### [Collected data entries]
╭──

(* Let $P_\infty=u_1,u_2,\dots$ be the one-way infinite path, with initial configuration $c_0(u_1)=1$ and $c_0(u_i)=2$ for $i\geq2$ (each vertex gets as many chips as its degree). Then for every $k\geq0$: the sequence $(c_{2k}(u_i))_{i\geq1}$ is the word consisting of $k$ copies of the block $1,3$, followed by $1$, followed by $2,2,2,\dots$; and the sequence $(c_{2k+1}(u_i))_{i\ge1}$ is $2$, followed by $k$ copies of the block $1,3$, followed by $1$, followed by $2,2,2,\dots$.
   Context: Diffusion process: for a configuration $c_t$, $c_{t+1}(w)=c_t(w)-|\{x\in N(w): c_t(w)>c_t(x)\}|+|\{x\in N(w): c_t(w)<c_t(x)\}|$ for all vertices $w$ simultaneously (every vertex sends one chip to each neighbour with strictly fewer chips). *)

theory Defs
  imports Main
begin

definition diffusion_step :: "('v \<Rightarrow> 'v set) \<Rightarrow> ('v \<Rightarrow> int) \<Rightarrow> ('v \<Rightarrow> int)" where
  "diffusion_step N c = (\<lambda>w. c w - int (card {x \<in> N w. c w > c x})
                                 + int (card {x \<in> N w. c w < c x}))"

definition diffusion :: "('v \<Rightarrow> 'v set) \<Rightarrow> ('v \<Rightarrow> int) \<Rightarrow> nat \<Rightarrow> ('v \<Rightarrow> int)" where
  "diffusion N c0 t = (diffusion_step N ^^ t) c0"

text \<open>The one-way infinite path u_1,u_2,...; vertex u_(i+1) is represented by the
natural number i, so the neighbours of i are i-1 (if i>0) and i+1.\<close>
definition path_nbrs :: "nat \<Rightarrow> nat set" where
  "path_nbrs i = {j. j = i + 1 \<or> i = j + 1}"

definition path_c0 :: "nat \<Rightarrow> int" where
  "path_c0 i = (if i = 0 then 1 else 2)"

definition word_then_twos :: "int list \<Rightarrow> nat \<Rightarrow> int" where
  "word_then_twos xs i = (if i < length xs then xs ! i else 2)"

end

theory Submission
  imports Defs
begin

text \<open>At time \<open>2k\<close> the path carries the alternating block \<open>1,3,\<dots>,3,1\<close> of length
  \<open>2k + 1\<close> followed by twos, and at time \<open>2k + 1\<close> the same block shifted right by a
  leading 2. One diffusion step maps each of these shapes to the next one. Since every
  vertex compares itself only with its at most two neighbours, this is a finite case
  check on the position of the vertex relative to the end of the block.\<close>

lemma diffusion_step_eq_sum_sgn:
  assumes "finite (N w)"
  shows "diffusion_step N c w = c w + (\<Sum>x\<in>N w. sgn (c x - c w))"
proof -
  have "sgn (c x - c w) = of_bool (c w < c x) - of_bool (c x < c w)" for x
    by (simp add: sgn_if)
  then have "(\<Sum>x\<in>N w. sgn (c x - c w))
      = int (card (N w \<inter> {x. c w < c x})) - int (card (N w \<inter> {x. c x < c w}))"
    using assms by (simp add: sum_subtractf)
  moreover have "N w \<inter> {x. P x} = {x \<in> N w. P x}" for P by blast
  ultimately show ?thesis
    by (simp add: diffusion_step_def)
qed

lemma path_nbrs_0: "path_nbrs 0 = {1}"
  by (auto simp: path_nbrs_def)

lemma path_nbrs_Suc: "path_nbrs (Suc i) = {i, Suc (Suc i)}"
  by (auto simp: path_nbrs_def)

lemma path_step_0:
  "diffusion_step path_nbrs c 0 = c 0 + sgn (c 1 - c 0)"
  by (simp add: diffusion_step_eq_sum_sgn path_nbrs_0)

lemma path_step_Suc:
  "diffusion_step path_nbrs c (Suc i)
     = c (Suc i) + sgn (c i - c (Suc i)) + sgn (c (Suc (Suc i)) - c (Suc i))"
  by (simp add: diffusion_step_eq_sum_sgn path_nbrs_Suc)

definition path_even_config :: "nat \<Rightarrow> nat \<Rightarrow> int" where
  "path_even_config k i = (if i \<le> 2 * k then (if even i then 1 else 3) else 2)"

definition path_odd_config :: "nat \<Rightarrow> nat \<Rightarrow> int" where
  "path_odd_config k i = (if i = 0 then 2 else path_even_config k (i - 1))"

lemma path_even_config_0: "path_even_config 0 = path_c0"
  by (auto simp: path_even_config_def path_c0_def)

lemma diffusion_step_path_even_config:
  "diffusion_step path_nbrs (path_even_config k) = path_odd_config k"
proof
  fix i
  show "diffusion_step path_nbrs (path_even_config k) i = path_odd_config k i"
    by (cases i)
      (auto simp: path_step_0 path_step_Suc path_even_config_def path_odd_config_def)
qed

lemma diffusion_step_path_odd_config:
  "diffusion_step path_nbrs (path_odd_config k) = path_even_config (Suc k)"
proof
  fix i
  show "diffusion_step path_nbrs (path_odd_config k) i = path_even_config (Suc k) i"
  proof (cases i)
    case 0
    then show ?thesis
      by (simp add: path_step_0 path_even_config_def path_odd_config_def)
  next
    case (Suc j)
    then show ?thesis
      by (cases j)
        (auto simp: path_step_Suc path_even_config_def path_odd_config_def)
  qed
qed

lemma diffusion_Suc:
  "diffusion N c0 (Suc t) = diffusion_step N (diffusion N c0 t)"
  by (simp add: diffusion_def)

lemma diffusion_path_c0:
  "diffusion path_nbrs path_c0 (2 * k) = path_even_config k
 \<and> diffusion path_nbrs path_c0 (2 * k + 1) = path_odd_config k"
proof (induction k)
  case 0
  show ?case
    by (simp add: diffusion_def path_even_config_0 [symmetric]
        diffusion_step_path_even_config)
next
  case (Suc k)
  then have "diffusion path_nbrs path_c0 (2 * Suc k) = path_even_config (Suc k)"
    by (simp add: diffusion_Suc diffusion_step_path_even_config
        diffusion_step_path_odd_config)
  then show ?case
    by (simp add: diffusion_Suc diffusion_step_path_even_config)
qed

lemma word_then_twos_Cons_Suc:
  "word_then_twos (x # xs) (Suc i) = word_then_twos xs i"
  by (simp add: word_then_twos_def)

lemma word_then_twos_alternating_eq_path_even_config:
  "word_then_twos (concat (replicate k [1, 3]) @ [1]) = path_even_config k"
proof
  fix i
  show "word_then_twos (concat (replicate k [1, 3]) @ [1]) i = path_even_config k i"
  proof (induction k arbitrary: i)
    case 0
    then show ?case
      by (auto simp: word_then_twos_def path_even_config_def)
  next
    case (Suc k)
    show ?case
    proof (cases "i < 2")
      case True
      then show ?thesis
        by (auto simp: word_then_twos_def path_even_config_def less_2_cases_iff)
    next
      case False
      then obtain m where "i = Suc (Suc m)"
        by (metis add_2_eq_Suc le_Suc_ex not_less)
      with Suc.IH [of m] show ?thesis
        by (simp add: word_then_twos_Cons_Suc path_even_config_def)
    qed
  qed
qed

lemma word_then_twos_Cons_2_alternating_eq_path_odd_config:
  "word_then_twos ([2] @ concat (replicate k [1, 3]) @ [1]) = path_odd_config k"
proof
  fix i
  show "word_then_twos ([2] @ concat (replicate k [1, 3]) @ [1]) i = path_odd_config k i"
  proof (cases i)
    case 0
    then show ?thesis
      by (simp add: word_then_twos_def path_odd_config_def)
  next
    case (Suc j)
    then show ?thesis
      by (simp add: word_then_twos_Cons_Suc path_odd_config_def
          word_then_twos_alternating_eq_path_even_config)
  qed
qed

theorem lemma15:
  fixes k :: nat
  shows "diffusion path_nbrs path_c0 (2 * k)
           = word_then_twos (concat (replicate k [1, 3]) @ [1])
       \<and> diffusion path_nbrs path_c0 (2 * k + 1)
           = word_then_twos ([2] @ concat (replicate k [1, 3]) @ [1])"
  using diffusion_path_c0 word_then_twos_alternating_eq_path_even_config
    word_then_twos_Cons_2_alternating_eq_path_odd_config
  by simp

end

╰──

### [EXERCISE]
Please copy every line in the entries where "time" appears.

### [EXERCISE SOLUTION]
text \<open>At time \<open>2k\<close> the path carries the alternating block \<open>1,3,\<dots>,3,1\<close> of length
  \<open>2k + 1\<close> followed by twos, and at time \<open>2k + 1\<close> the same block shifted right by a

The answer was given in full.